La grande malinconia

La cosa es que en Roma todo y todos se confrontan con el tiempo. Siempre hay algo más antiguo que está ahí. Se confrontan con el tiempo los que van de paso, los visitantes y los residentes. Esta especial circunstancia la aprovecha el director de la película La grande bellezza hasta convertirla en una estética total. La convencional estética de lo perdido, de lo que podía haber sido (¿otra realidad?), de lo que debería haber sido (¿alguien lo sabe verdaderamente?) y, en fin, de una vanitas itineris general.
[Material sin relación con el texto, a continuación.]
lemma L2_expansion_Parseval:
  assumes e: "\<And>j. j \<in> J \<Longrightarrow> L2 N (e j)"
    and orthonormal: "\<forall>i\<in>J. \<forall>j\<in>J. L2ip N (e i) (e j) = (if i = j then 1 else 0)"
    and f: "L2 N f" and expansion: "L2_expansion N J a e f"
  shows "((\<lambda>j. (a j)\<^sup>2) has_sum L2norm2 N f) J"
proof -
  have "((\<lambda>j. a j * L2ip N f (e j)) has_sum L2norm2 N f) J"
    unfolding L2norm2_eq_L2ip by (rule L2_expansion_L2ip_has_sum[OF e f f expansion])
  then show ?thesis
    using L2_expansion_coeff[OF e orthonormal f expansion]
    by (subst has_sum_cong[where g="\<lambda>j. a j * L2ip N f (e j)"]) (auto simp: power2_eq_square)
qed

lemma spd_bounded_kernel_measurable_pair:
  assumes "sets N = sets M" and "spd_bounded_kernel M k"
  shows "(\<lambda>(x, y). k x y) \<in> borel_measurable (N \<Otimes>\<^sub>M N)"
proof -
  have "(\<lambda>(x, y). k x y) \<in> borel_measurable (M \<Otimes>\<^sub>M M)"
    using assms(2) unfolding spd_bounded_kernel_def by blast
  moreover have "sets (N \<Otimes>\<^sub>M N) = sets (M \<Otimes>\<^sub>M M)"
    using assms(1) by (rule sets_pair_measure_cong) (rule assms(1))
  ultimately show ?thesis using measurable_cong_sets by blast
qed

lemma kernel_product_integrable:
  assumes "finite_measure N" and "sets N = sets M" and kernel: "spd_bounded_kernel M k"
    and f: "integrable N f" and g: "integrable N g"
  shows "integrable (N \<Otimes>\<^sub>M N) (\<lambda>(x, y). f x * k x y * g y)"
proof -
  interpret finite_measure N by fact
  interpret P: pair_sigma_finite N N
    by (simp add: pair_sigma_finite_def sigma_finite_measure_axioms)
  obtain B where B: "\<And>x y. \<bar>k x y\<bar> \<le> B" using kernel unfolding spd_bounded_kernel_def by blast
  have [measurable]: "(\<lambda>(x, y). k x y) \<in> borel_measurable (N \<Otimes>\<^sub>M N)"
    using assms(2,3) by (rule spd_bounded_kernel_measurable_pair)
  have [measurable]: "f \<in> borel_measurable N" "g \<in> borel_measurable N" using f g by auto
  have "integrable (N \<Otimes>\<^sub>M N) (\<lambda>(x, y). B * \<bar>f x\<bar> * \<bar>g y\<bar>)"
  proof (rule P.Fubini_integrable)
    show "(\<lambda>(x, y). B * \<bar>f x\<bar> * \<bar>g y\<bar>) \<in> borel_measurable (N \<Otimes>\<^sub>M N)" by measurable
    have "(\<lambda>x. \<integral>y. norm (B * \<bar>f x\<bar> * \<bar>g y\<bar>) \<partial>N) = (\<lambda>x. \<bar>B\<bar> * (\<integral>y. \<bar>g y\<bar> \<partial>N) * \<bar>f x\<bar>)"
      by (simp add: abs_mult mult_ac)
    then show "integrable N (\<lambda>x. \<integral>y. norm ((\<lambda>(x, y). B * \<bar>f x\<bar> * \<bar>g y\<bar>) (x, y)) \<partial>N)"
      using f by simp
    show "AE x in N. integrable N (\<lambda>y. (\<lambda>(x, y). B * \<bar>f x\<bar> * \<bar>g y\<bar>) (x, y))"
      using g by simp
  qed
  then show ?thesis
  proof (rule Bochner_Integration.integrable_bound)
    show "(\<lambda>(x, y). f x * k x y * g y) \<in> borel_measurable (N \<Otimes>\<^sub>M N)" by measurable
    have "\<bar>f x * k x y * g y\<bar> \<le> \<bar>B * \<bar>f x\<bar> * \<bar>g y\<bar>\<bar>" for x y
    proof -
      have "\<bar>f x * k x y * g y\<bar> = \<bar>k x y\<bar> * (\<bar>f x\<bar> * \<bar>g y\<bar>)" by (simp add: abs_mult)
      also have "\<dots> \<le> B * (\<bar>f x\<bar> * \<bar>g y\<bar>)" by (rule mult_right_mono[OF B]) simp
      also have "\<dots> \<le> \<bar>B * \<bar>f x\<bar> * \<bar>g y\<bar>\<bar>" by (simp add: mult.assoc)
      finally show ?thesis .
    qed
    then show "AE p in N \<Otimes>\<^sub>M N. norm ((\<lambda>(x, y). f x * k x y * g y) p)
        \<le> norm ((\<lambda>(x, y). B * \<bar>f x\<bar> * \<bar>g y\<bar>) p)"
      by (intro AE_I2) (auto split: prod.split)
  qed
qed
En Roma la melancolía de lo que fue es condición sin la cual no habría Roma, pues evoca, seguramente más que ninguna otra ciudad, la brevedad vital y la fatuidad del hombre al intentar engañarla. La Ciudad Eterna.
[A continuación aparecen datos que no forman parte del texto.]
lemma inner_on_xi:
  assumes "n \<ge> 1" "flat n (b i)"
  shows "inner_on (Gset n \<times> Gset n) (xi n b i j) (xi n b i j) = 1"
proof -
  have "inner_on (Gset n \<times> Gset n) (xi n b i j) (xi n b i j)
      = (\<Sum>r\<in>Gset n. \<Sum>m\<in>Gset n. cnj (xi n b i j (m, r)) * xi n b i j (m, r))"
    unfolding inner_on_def sum.cartesian_product' by (rule sum.swap)
  also have "\<dots> = (\<Sum>r\<in>Gset n. cnj (b i (oplus n r j)) * b i (oplus n r j))"
    using oplus_Gset_cong[OF assms(1)]
    by (simp add: xi_Pair mult_if_zero if_distrib[of cnj] cong: if_cong)
  also have "\<dots> = (\<Sum>r\<in>Gset n. 1 / of_nat n)"
    using assms by (simp add: flat_mult_cnj oplus_Gset_cong)
  also have "\<dots> = 1"
    using assms(1) by (simp add: Gset_def)
  finally show ?thesis .
qed

lemma kcompress_xi_embed:
  assumes "n \<ge> 1" "c \<in> Gset n" "c' \<in> Gset n"
  shows "kcompress (Gset n \<times> Gset n) (xi n b i j) (kassoc (ktensor \<rho> (embed n (outer h)))) c c'
       = h c * cnj (h c') * cnj (b i (oplus n c j)) * \<rho> (oplus n c j) (oplus n c' j) * b i (oplus n c' j)"
proof -
  let ?X = "kassoc (ktensor \<rho> (embed n (outer h)))"
  have oplus: "oplus n k l \<in> Gset n" for k l
    using oplus_Gset_cong[OF assms(1)] by blast
  have X: "?X ((a, r), c) ((a', r'), c') = (if r = c \<and> r' = c' then \<rho> a a' * (h c * cnj (h c')) else 0)"
    for a r a' r'
    using assms(2,3) by (simp add: kassoc_def ktensor_def embed_outer)
  have row: "(\<Sum>p\<in>Gset n \<times> Gset n. cnj (xi n b i j p) * ?X (p, c) ((a', r'), c'))
      = (if r' = c' then cnj (b i (oplus n c j)) * (\<rho> (oplus n c j) a' * (h c * cnj (h c'))) else 0)" for a' r'
    using assms(2) oplus
    by (cases "r' = c'")
      (simp_all add: sum.cartesian_product' X xi_Pair mult_if_zero if_distrib[of cnj] cong: if_cong)
  have "kcompress (Gset n \<times> Gset n) (xi n b i j) ?X c c'
      = (\<Sum>(a', r')\<in>Gset n \<times> Gset n.
           (if r' = c' then cnj (b i (oplus n c j)) * (\<rho> (oplus n c j) a' * (h c * cnj (h c'))) else 0)
           * xi n b i j (a', r'))"
    unfolding kcompress_def by (rule sum.cong) (auto simp: row)
  also have "\<dots> = cnj (b i (oplus n c j)) * (\<rho> (oplus n c j) (oplus n c' j) * (h c * cnj (h c')))
      * b i (oplus n c' j)"
    unfolding sum.cartesian_product' using assms(3) oplus
    by (subst sum.swap) (simp add: xi_Pair mult_if_zero cong: if_cong)
  finally show ?thesis by (simp add: mult_ac)
qed

lemma Vop_eq:
  assumes "n \<ge> 1" "x \<in> Gset n"
  shows "Vop n b h i j x y = (if y = oplus n x j then of_nat n * h x * cnj (b i y) else 0)"
proof -
  have HU: "kcomp (Gset n) (mult_op h) (Uop n j) x z = (if z = oplus n x j then h x else 0)" for z
    using assms(2)
    by (simp add: kcomp_def mult_op_def Uop_def oplus_commute if_distrib[of "\<lambda>u. u * _"] cong: if_cong)
  show ?thesis
    unfolding Vop_def kcomp_def[of _ "kcomp (Gset n) (mult_op h) (Uop n j)"] HU
    using oplus_Gset_cong[OF assms(1)]
    by (simp add: kadj_def Bop_def mult_op_def mult_if_zero if_distrib[of cnj] cong: if_cong)
qed

lemma unitary_on_Vop:
  assumes "n \<ge> 1" "flat n h" "flat n (b i)"
  shows "unitary_on (Gset n) (Vop n b h i j)"
proof (rule unitary_on_monomial)
  show "bij_betw (\<lambda>x. oplus n x j) (Gset n) (Gset n)"
    using assms(1) by (rule bij_betw_oplus)
  show "Vop n b h i j x y = (if y = oplus n x j then of_nat n * h x * cnj (b i (oplus n x j)) else 0)"
    if "x \<in> Gset n" for x y
    using Vop_eq[OF assms(1) that] by simp
  show "cnj (of_nat n * h x * cnj (b i (oplus n x j))) * (of_nat n * h x * cnj (b i (oplus n x j))) = 1"
    if "x \<in> Gset n" for x
  proof -
    have "oplus n x j \<in> Gset n"
      using oplus_Gset_cong[OF assms(1)] by blast
    then have "cnj (of_nat n * h x * cnj (b i (oplus n x j))) * (of_nat n * h x * cnj (b i (oplus n x j)))
        = of_nat n * of_nat n * (cnj (h x) * h x) * (b i (oplus n x j) * cnj (b i (oplus n x j)))"
      by (simp add: mult_ac)
    also have "\<dots> = 1"
      using assms \<open>x \<in> Gset n\<close> \<open>oplus n x j \<in> Gset n\<close> by (simp add: flat_mult_cnj)
    finally show ?thesis .
  qed
qed simp

lemma Vop_conj_eq:
  assumes "n \<ge> 1" "x \<in> Gset n" "y \<in> Gset n"
  shows "kcomp (Gset n) (kcomp (Gset n) (Vop n b h i j) \<rho>) (kadj (Vop n b h i j)) x y
       = (of_nat n)\<^sup>2 * (h x * cnj (h y) * cnj (b i (oplus n x j)) * \<rho> (oplus n x j) (oplus n y j)
           * b i (oplus n y j))"
  using assms oplus_Gset_cong[OF assms(1)]
  by (simp add: kcomp_def kadj_def Vop_eq mult_if_zero if_distrib[of cnj] power2_eq_square mult_ac
      cong: if_cong)

lemma ptrace1_sandwich_outer:
  assumes "n \<ge> 1" "flat n (b i)" "x \<in> Gset n" "y \<in> Gset n"
  shows "ptrace1 (Gset n \<times> Gset n) (sandwich n b i j \<rho> (outer h)) x y
       = kcomp (Gset n) (kcomp (Gset n) (Vop n b h i j) \<rho>) (kadj (Vop n b h i j)) x y / (of_nat n)\<^sup>2"
  using assms(1) unfolding sandwich_def Let_def Fop_def G3_def
  by (simp add: ptrace1_tensor_outer_kid_sandwich assms inner_on_xi kcompress_xi_embed Vop_conj_eq)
El protagonista del largometraje -encantador, indolente y cínico, aparte de excelente rostro cinematográfico- vive en un ático frente al Coliseo y mece sus decaimientos y ensoñaciones en la hamaca de una inmensa terraza donde convoca fiestas para maduras buenorras y vejentones rijosos que necesitan, desesperadamente, borrar el tiempo.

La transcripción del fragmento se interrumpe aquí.